The controversy began when the Obama administration threatened to revoke billions of dollars in federal Medicaid assistance unless Tennessee state lawmakers agreed to spend tens of millions annually on Medicaid benefits for refugees the U.S. State Department was sending to the deep-red state.

Tennessee and other states facing similar ultimatums had no choice but to comply.

Dale L. Wilcox, executive director and general counsel of Immigration Reform Law Institute, says the coercive tactic was a blatant abuse of states’ rights and that Obama’s ballooning refugee resettlement policy had “the ultimate aim of changing the voting patterns of the states.”

“IRLI rejects this attempt to politicize the refugee program, and supports Tennessee in its fight against it,” Wilcox said in a Friday statement.

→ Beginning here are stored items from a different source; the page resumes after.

lemma root_idx_tilde_iff:
  assumes j: "1 < j" and x: "(a, b, e) \<in> root_idx t {1..n}"
  shows "(a, b, e) \<in> root_idx t (tilde_idx n j)
    \<longleftrightarrow> col (vec a b e) \<noteq> 1 \<and> col (vec a b e) \<noteq> j
      \<and> row (vec a b e) \<noteq> int j \<and> row (vec a b e) \<noteq> - int j"
proof (cases "a < b")
  case True
  then show ?thesis using root_idx_cases[OF x] j unfolding col_root_of[OF x] row_long[OF x True]
    by (auto simp: root_idx_def long_idx_def short_idx_def tilde_idx_def)
next
  case False
  then have h: "b = a" "e = short_coeff t" "t \<noteq> TypeD" "a \<in> {1..n}"
    using root_idx_cases[OF x] by auto
  show ?thesis using x h j unfolding h(1) col_root_of[OF x[unfolded h(1)]] row_short[OF x[unfolded h(1)]]
    by (auto simp: root_idx_def long_idx_def short_idx_def tilde_idx_def)
qed

lemma tilde_pos_roots:
  assumes "1 < j"
  shows "pos_roots t n - (Cols t n 1 \<union> Cols t n j \<union> Rows t n (int j) \<union> Rows t n (- int j))
     = root_of ` root_idx t (tilde_idx n j)"
proof -
  have sub: "root_idx t (tilde_idx n j) \<subseteq> root_idx t {1..n}"
    by (rule root_idx_mono[OF tilde_idx_sub])
  let ?keep = "\<lambda>\<alpha>. col \<alpha> \<noteq> 1 \<and> col \<alpha> \<noteq> j \<and> row \<alpha> \<noteq> int j \<and> row \<alpha> \<noteq> - int j"
  have "x \<in> root_idx t (tilde_idx n j) \<longleftrightarrow> ?keep (root_of x)" if "x \<in> root_idx t {1..n}" for x
    using root_idx_tilde_iff[OF assms] that by (cases x) auto
  then have "{x \<in> root_idx t {1..n}. ?keep (root_of x)} = root_idx t (tilde_idx n j)"
    using sub by blast
  moreover have "pos_roots t n - (Cols t n 1 \<union> Cols t n j \<union> Rows t n (int j) \<union> Rows t n (- int j))
      = root_of ` {x \<in> root_idx t {1..n}. ?keep (root_of x)}"
    unfolding pos_roots_root_idx Cols_def Rows_def by auto
  ultimately show ?thesis by simp
qed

The issue is newly front and center after the Sixth Circuit Court of Appeals recently rejected hearing Tennessee’s complaint on the grounds that the state assembly lacked standing.

But the pro-legal immigration IRLI filed an amicus brief with the U.S. Supreme Court on Friday, stating that Tennessee taxpayers—as represented by their elected state lawmakers—indeed have standing because they’ve suffered an injury of $30 million a year since the state was forced to capitulate to the federal government while under duress.

The brief also urges the high court to review the issue under the 10th Amendment, which holds that “powers not delegated to the United States by the Constitution, nor prohibited by it to the States, are reserved to the States respectively, or to the people.”

“We hope the Court grants review and decides this important case in the interests both of the states and of the Nation,” Wilcox said.